Search the material and gather each line with "ennreal" in it.
>>>>
(* Let $s,t\ge 1$, let $k=s+t+4\le n$, and let $Q(s,t)$ be the unicyclic graph on $k$ vertices consisting of a $4$-cycle $v_1v_2v_3v_4v_1$, $s$ further vertices each adjacent only to $v_1$, and $t$ further vertices each adjacent only to $v_2$. Regard $Q(s,t)$ as a subgraph of $K_n$ and let $\Gamma=(K_n,Q(s,t)^-)$. Then, with $u=n-k$, $$\varphi(\Gamma,\lambda)=(\lambda+1)^{n-7}\Big(\lambda^7+(7-n)\lambda^6+(21-6n)\lambda^5+(12k-15n+4ku+8st-13)\lambda^4+(48k-20n+16ku+32st-157)\lambda^3+(113n-56k-8ku-16st(u-1)-267)\lambda^2+(250n-208k-48ku-32st(u+1)-185)\lambda+127n-116k-28ku+24st(2u-1)-47\Big).$$
   Context: A signed graph is a pair $(G,\sigma)$ with $\sigma:E(G)\to\{+,-\}$; its adjacency matrix has $(i,j)$-entry $\sigma(v_iv_j)$ if $v_iv_j\in E(G)$ and $0$ otherwise. For a subgraph $H$ of $K_n$, $(K_n,H^-)$ denotes the signed complete graph on $n$ vertices whose negative edges are exactly the edges of $H$ and all other edges are positive. $\varphi(\Gamma,\lambda)=\det(\lambda I-A(\Gamma))$. *)

theory Defs
  imports "Jordan_Normal_Form.Char_Poly"
begin

text \<open>Vertices of K_n are 0,...,n-1.  The unicyclic graph Q(s,t) is placed on the
  vertices 0,...,s+t+3: the 4-cycle v1 v2 v3 v4 v1 is 0-1-2-3-0, the s pendant
  vertices attached to v1 = 0 are 4,...,s+3, and the t pendant vertices attached
  to v2 = 1 are s+4,...,s+t+3.\<close>

definition Q_edge :: "nat \<Rightarrow> nat \<Rightarrow> nat \<Rightarrow> nat \<Rightarrow> bool" where
  "Q_edge s t i j \<longleftrightarrow>
     {i, j} \<in> {{0, 1}, {1, 2}, {2, 3}, {3, 0}}
     \<or> (\<exists>a. 4 \<le> a \<and> a < s + 4 \<and> {i, j} = {0, a})
     \<or> (\<exists>b. s + 4 \<le> b \<and> b < s + t + 4 \<and> {i, j} = {1, b})"

definition signed_complete_adj :: "nat \<Rightarrow> (nat \<Rightarrow> nat \<Rightarrow> bool) \<Rightarrow> int mat" where
  "signed_complete_adj n E =
     mat n n (\<lambda>(i, j). if i = j then 0 else if E i j then -1 else 1)"

end

theory Submission
  imports Defs
begin

text \<open>Write \<open>\<lambda>I - A = (\<lambda> + 1) I + B\<close>: the matrix \<open>B\<close> has entry \<open>+1\<close> on the edges of
  \<open>Q(s,t)\<close> and \<open>-1\<close> everywhere else, the diagonal included, so it only depends on which of
  seven classes its row and column vertices lie in (\<open>v\<^sub>1,\<dots>,v\<^sub>4\<close>, the two pendant
  classes, and the \<open>u\<close> vertices outside \<open>Q(s,t)\<close>).  Factoring \<open>B = X Y\<close> through the
  \<open>n \<times> 7\<close> class indicator matrix \<open>X\<close>, Sylvester's identity
  \<open>det (c I\<^sub>n + X Y) c\<^sup>7 = c\<^sup>n det (c I\<^sub>7 + Y X)\<close> reduces the characteristic
  polynomial to the determinant of a \<open>7 \<times> 7\<close> quotient matrix, which is expanded
  symbolically.\<close>

lemma det_smult_one_add_mult_swap:
  fixes X Y :: "'a::idom mat" and c :: 'a
  assumes X: "X \<in> carrier_mat n p" and Y: "Y \<in> carrier_mat p n"
  shows "det (c \<cdot>\<^sub>m 1\<^sub>m n + X * Y) * c ^ p = c ^ n * det (c \<cdot>\<^sub>m 1\<^sub>m p + Y * X)"
proof -
  define W where "W = four_block_mat (1\<^sub>m n) (- X) Y (c \<cdot>\<^sub>m 1\<^sub>m p)"
  have W: "W \<in> carrier_mat (n + p) (n + p)"
    unfolding W_def using X Y by auto
  have delta: "a * (if P then b else 0) = (if P then a * b else 0)"
    "(if P then b else 0) * a = (if P then b * a else 0)" for a b :: 'a and P
    by simp_all
  have upper: "four_block_mat (c \<cdot>\<^sub>m 1\<^sub>m n) X (0\<^sub>m p n) (1\<^sub>m p) * W
      = four_block_mat (c \<cdot>\<^sub>m 1\<^sub>m n + X * Y) (0\<^sub>m n p) Y (c \<cdot>\<^sub>m 1\<^sub>m p)"
    unfolding W_def using X Y
    by (subst mult_four_block_mat[of _ n n _ p _ p _ _ n _ p])
      (auto intro!: eq_matI simp: scalar_prod_def delta mult.assoc[symmetric])
  have lower: "four_block_mat (1\<^sub>m n) (0\<^sub>m n p) (- Y) (1\<^sub>m p) * W
      = four_block_mat (1\<^sub>m n) (- X) (0\<^sub>m p n) (c \<cdot>\<^sub>m 1\<^sub>m p + Y * X)"
    unfolding W_def using X Y
    by (subst mult_four_block_mat[of _ n n _ p _ p _ _ n _ p])
      (auto intro!: eq_matI simp: scalar_prod_def delta mult.assoc[symmetric] sum_negf)
  have "det (c \<cdot>\<^sub>m 1\<^sub>m n + X * Y) * c ^ p = c ^ n * det W"
    using det_mult[of "four_block_mat (c \<cdot>\<^sub>m 1\<^sub>m n) X (0\<^sub>m p n) (1\<^sub>m p)" "n + p" W] X Y W
    unfolding upper
    by (simp add: det_four_block_mat_lower_left_zero[of _ n _ p]
        det_four_block_mat_upper_right_zero[of _ n _ p])
  also have "det W = det (c \<cdot>\<^sub>m 1\<^sub>m p + Y * X)"
    using det_mult[of "four_block_mat (1\<^sub>m n) (0\<^sub>m n p) (- Y) (1\<^sub>m p)" "n + p" W] X Y W
    unfolding lower
    by (simp add: det_four_block_mat_lower_left_zero[of _ n _ p]
        det_four_block_mat_upper_right_zero[of _ n _ p])
  finally show ?thesis .
qed

lemma det_smult_one_add_blowup:
  fixes g :: "nat \<Rightarrow> nat \<Rightarrow> 'a::idom"
  assumes f: "\<And>i. i < n \<Longrightarrow> f i < m"
  shows "det (c \<cdot>\<^sub>m 1\<^sub>m n + mat n n (\<lambda>(i, j). g (f i) (f j))) * c ^ m
    = c ^ n * det (c \<cdot>\<^sub>m 1\<^sub>m m + mat m m (\<lambda>(a, b). g a b * of_nat (card {j. j < n \<and> f j = b})))"
proof -
  define X :: "'a mat" where "X = mat n m (\<lambda>(i, a). of_bool (f i = a))"
  define Y where "Y = mat m n (\<lambda>(a, j). g a (f j))"
  have "X * Y = mat n n (\<lambda>(i, j). g (f i) (f j))"
    unfolding X_def Y_def using f by (intro eq_matI) (auto simp: scalar_prod_def)
  moreover have "Y * X = mat m m (\<lambda>(a, b). g a b * of_nat (card {j. j < n \<and> f j = b}))"
    unfolding X_def Y_def
    by (intro eq_matI) (auto simp: scalar_prod_def Int_def atLeast0LessThan mult.commute)
  moreover have "X \<in> carrier_mat n m" "Y \<in> carrier_mat m n"
    unfolding X_def Y_def by auto
  ultimately show ?thesis using det_smult_one_add_mult_swap by metis
qed

text \<open>Hiding each Laplace term behind a constant with a congruence rule that only rewrites the
  coefficient lets the simplifier discard a minor whose coefficient is zero before expanding it.\<close>

definition laplace_summand :: "'a::comm_ring_1 \<Rightarrow> nat \<Rightarrow> 'a \<Rightarrow> 'a" where
  "laplace_summand a j D = a * ((-1) ^ j * D)"

lemma laplace_summand_cong: "a = b \<Longrightarrow> laplace_summand a j D = laplace_summand b j D"
  by simp

lemma laplace_summand_0: "laplace_summand 0 j D = 0"
  by (simp add: laplace_summand_def)
(* Let $\delta\in(0,1)$, $\epsilon>0$, $s>1$. Consider any algorithm following the per-arm adaptive phase scheme with private means described in the context, with an arbitrary sampling rule, and stopping according to the private GLR stopping rule with the thresholds $c_{\epsilon,k_1,k_2}$ defined in the context. Then for every bandit instance whose arm distributions are $1$-sub-Gaussian with a unique best arm $a^\star$, $\mathbb{P}(\tau_\delta<\infty,\ \hat a\neq a^\star)\le\delta$, i.e. the algorithm is $\delta$-correct.
   Context: $K$ arms with 1-sub-Gaussian reward distributions and means $\mu_a$, unique best arm $a^\star=\arg\max_a\mu_a$. At round $n$ the algorithm pulls $I_n$ (chosen by any rule based on the past and internal randomness) and observes $X_n\sim\nu_{I_n}$; $N_{n,a}=\sum_{t<n}\mathbf{1}\{I_t=a\}$. Adaptive phases: each arm is pulled once in rounds $1..K$; arm $a$ has phase index $k_a$ starting at 1 with $T_1(a)=K+1$ (phase-1 statistics $\tilde N_{1,a}=1$, $\hat\mu_{1,a}$ the initial reward, $\tilde\mu_{1,a}=\hat\mu_{1,a}+Y_{1,a}$). At the start of each round $n>K$, for every $a$ with $N_{n,a}\ge2N_{T_{k_a}(a),a}$: $k_a\leftarrow k_a+1$, $T_{k_a}(a)=n$, $\tilde N_{k_a,a}=N_{T_{k_a}(a),a}-N_{T_{k_a-1}(a),a}$, $\hat\mu_{k_a,a}=\tilde N_{k_a,a}^{-1}\sum_{s=T_{k_a-1}(a)}^{T_{k_a}(a)-1}X_s\mathbf{1}\{I_s=a\}$, $\tilde\mu_{k_a,a}=\hat\mu_{k_a,a}+Y_{k_a,a}$, where $Y_{k,a}\sim$ Laplace with scale $1/(\epsilon\tilde N_{k,a})$ (density $\frac{1}{2b}e^{-|x|/b}$, $b$ the scale), independent of everything else. $k_{n,a}$ is the phase of $a$ at round $n$. Private GLR stopping rule: with $\hat a_n=\arg\max_a\tilde\mu_{k_{n,a},a}$, $\tau_\delta=\inf\{n:\forall b\ne\hat a_n,\ \frac{(\tilde\mu_{k_{n,\hat a_n},\hat a_n}-\tilde\mu_{k_{n,b},b})^2}{1/\tilde N_{k_{n,\hat a_n},\hat a_n}+1/\tilde N_{k_{n,b},b}}\ge2c_{\epsilon,k_{n,\hat a_n},k_{n,b}}(\tilde N_{k_{n,\hat a_n},\hat a_n},\tilde N_{k_{n,b},b},\delta)\}$, recommending $\hat a=\hat a_{\tau_\delta}$. Thresholds: $\zeta$ is the Riemann zeta function; $g_G(\lambda)=2\lambda-2\lambda\log(4\lambda)+\log\zeta(2\lambda)-\frac12\log(1-\lambda)$ and $\mathcal{C}_G(x)=\min_{\lambda\in(1/2,1]}\frac{g_G(\lambda)+x}{\lambda}$; for $k\in\mathbb{N}$, $c_k(n,m,\delta)=2\mathcal{C}_G\big(\frac12\log\frac{(K-1)\zeta(s)^2k^s}{\delta}\big)+2\log(4+\log n)+2\log(4+\log m)$; and $c_{\epsilon,k_1,k_2}(n,m,\delta)=2c_{k_1k_2}(n,m,\delta/2)+\frac{1}{n\epsilon^2}\big(\log\frac{2Kk_1^s\zeta(s)}{\delta}\big)^2+\frac{1}{m\epsilon^2}\big(\log\frac{2Kk_2^s\zeta(s)}{\delta}\big)^2$, where $c_{k_1k_2}$ denotes $c_k$ with $k=k_1k_2$. *)

theory Defs
  imports "HOL-Probability.Probability"
begin

definition zeta_r :: "real \<Rightarrow> real" where
  "zeta_r s = (\<Sum>n. 1 / real (Suc n) powr s)"

definition gG :: "real \<Rightarrow> real" where
  "gG l = 2 * l - 2 * l * ln (4 * l) + ln (zeta_r (2 * l)) - 1 / 2 * ln (1 - l)"

text \<open>The minimum over (1/2,1] in the paper: at l = 1 the term -1/2 log(1-l) is +infinity,
  so that point never realises the minimum; we take the infimum over the open interval
  (1/2,1) (Isabelle's ln 0 is not +infinity).\<close>
definition CG :: "real \<Rightarrow> real" where
  "CG x = (INF l\<in>{1/2<..<1}. (gG l + x) / l)"

definition c_k :: "nat \<Rightarrow> real \<Rightarrow> nat \<Rightarrow> real \<Rightarrow> real \<Rightarrow> real \<Rightarrow> real" where
  "c_k K s k n m \<delta> =
     2 * CG (1 / 2 * ln (real (K - 1) * (zeta_r s)\<^sup>2 * real k powr s / \<delta>))
     + 2 * ln (4 + ln n) + 2 * ln (4 + ln m)"

definition c_eps :: "nat \<Rightarrow> real \<Rightarrow> real \<Rightarrow> nat \<Rightarrow> nat \<Rightarrow> real \<Rightarrow> real \<Rightarrow> real \<Rightarrow> real" where
  "c_eps K s \<epsilon> k1 k2 n m \<delta> =
     2 * c_k K s (k1 * k2) n m (\<delta> / 2)
     + 1 / (n * \<epsilon>\<^sup>2) * (ln (2 * real K * real k1 powr s * zeta_r s / \<delta>))\<^sup>2
     + 1 / (m * \<epsilon>\<^sup>2) * (ln (2 * real K * real k2 powr s * zeta_r s / \<delta>))\<^sup>2"

definition subgauss1 :: "real measure \<Rightarrow> bool" where
  "subgauss1 N \<longleftrightarrow> prob_space N \<and> sets N = sets borel \<and> integrable N (\<lambda>x. x) \<and>
     (\<forall>l::real. integrable N (\<lambda>x. exp (l * (x - (\<integral>y. y \<partial>N)))) \<and>
        (\<integral>x. exp (l * (x - (\<integral>y. y \<partial>N))) \<partial>N) \<le> exp (l\<^sup>2 / 2))"

definition laplace1 :: "real \<Rightarrow> ennreal" where
  "laplace1 x = ennreal (exp (- \<bar>x\<bar>) / 2)"

section \<open>The algorithm, as a function of the pull sequence I (rounds are numbered from 1)\<close>

definition Ncnt :: "(nat \<Rightarrow> nat) \<Rightarrow> nat \<Rightarrow> nat \<Rightarrow> nat" where
  "Ncnt I n a = card {t. 1 \<le> t \<and> t < n \<and> I t = a}"

text \<open>Reward observed at round t: arm I t pulled for the (N_{t,I t}+1)-th time reads
  entry number N_{t,I t} (0-based) of its reward table Z (I t).\<close>
definition Xr :: "(nat \<Rightarrow> nat) \<Rightarrow> (nat \<Rightarrow> nat \<Rightarrow> real) \<Rightarrow> nat \<Rightarrow> real" where
  "Xr I Z t = Z (I t) (Ncnt I t (I t))"

text \<open>List [T_1(a), ..., T_{k_{n,a}}(a)] of phase start times known at the start of round n
  (meaningful for n \<ge> K+1).\<close>
primrec phst :: "nat \<Rightarrow> (nat \<Rightarrow> nat) \<Rightarrow> nat \<Rightarrow> nat \<Rightarrow> nat list" where
  "phst K I a 0 = [K + 1]"
| "phst K I a (Suc n) =
     (if Suc n \<le> K + 1 then [K + 1]
      else (let ts = phst K I a n in
            if 2 * Ncnt I (last ts) a \<le> Ncnt I (Suc n) a then ts @ [Suc n] else ts))"
(* Let $\gamma$ be a partition. Then $\gamma$ is $n$-colorless if and only if there exists $k\in\hat I$ such that $v^{(k)}(\gamma)\in\mathbb Z_{\ge0}^n$. Moreover, if $\gamma$ is $n$-colorless, then $v^{(k)}(\gamma)=(\delta_{i,k})_{i\in\hat I}$ for all $k\in\hat I$.
   Context: Fix $n\ge3$ and let $\hat I=\{0,1,\dots,n-1\}$, with residues mod $n$. For a partition $\gamma$ let $Y(\gamma)=\{(x,y)\in\mathbb Z_{\ge1}^2:\gamma_x\ge y\}$. The partition $\gamma$ is $n$-colorless if, for each residue $i$ mod $n$, the number of boxes $(x,y)\in Y(\gamma)$ with $x-y\equiv i\pmod n$ is the same. Corners: let $\gamma'_y=|\{x:\gamma_x\ge y\}|$ be the conjugate partition. - $(x,y)\in\mathbb Z_{\ge1}^2$ is a convex corner of $\gamma$ if $\gamma'_{y+1}<\gamma'_y=x$. - $(x,y)$ is a concave corner if $\gamma'_y=x-1$ and either $y=1$ or $\gamma'_{y-1}>x-1$. For $k,i\in\hat I$ let $CC_i^{(k)}(\gamma)$ (resp. $CV_i^{(k)}(\gamma)$) be the set of concave (resp. convex) corners $(x,y)$ with $k+x-y\equiv i\pmod n$. Define $v^{(k)}(\gamma)\in\mathbb Z^n$ (coordinates indexed by $\hat I$) by $v^{(k)}(\gamma)_i=|CC_i^{(k)}(\gamma)|-|CV_i^{(k)}(\gamma)|$. *)

theory Defs
  imports Main
begin

text \<open>A partition is a weakly decreasing list of positive naturals; gamma_x is the x-th
part (1-indexed), and 0 for x beyond the length.\<close>

definition is_partition :: "nat list \<Rightarrow> bool" where
  "is_partition \<gamma> \<longleftrightarrow> sorted (rev \<gamma>) \<and> (\<forall>a \<in> set \<gamma>. 0 < a)"

definition part :: "nat list \<Rightarrow> int \<Rightarrow> int" where
  "part \<gamma> x = (if 1 \<le> x \<and> nat x \<le> length \<gamma> then int (\<gamma> ! (nat x - 1)) else 0)"

definition young :: "nat list \<Rightarrow> (int \<times> int) set" where
  "young \<gamma> = {(x, y). 1 \<le> x \<and> 1 \<le> y \<and> part \<gamma> x \<ge> y}"

definition colorless :: "nat \<Rightarrow> nat list \<Rightarrow> bool" where
  "colorless n \<gamma> \<longleftrightarrow> (\<forall>i j. card {(x, y) \<in> young \<gamma>. (x - y) mod int n = i mod int n}
                            = card {(x, y) \<in> young \<gamma>. (x - y) mod int n = j mod int n})"

definition conj_part :: "nat list \<Rightarrow> int \<Rightarrow> int" where
  "conj_part \<gamma> y = int (card {x::int. 1 \<le> x \<and> part \<gamma> x \<ge> y})"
<<<<
◆ Answer to this problem ◆
definition laplace1 :: "real \<Rightarrow> ennreal" where
  "laplace1 x = ennreal (exp (- \<bar>x\<bar>) / 2)"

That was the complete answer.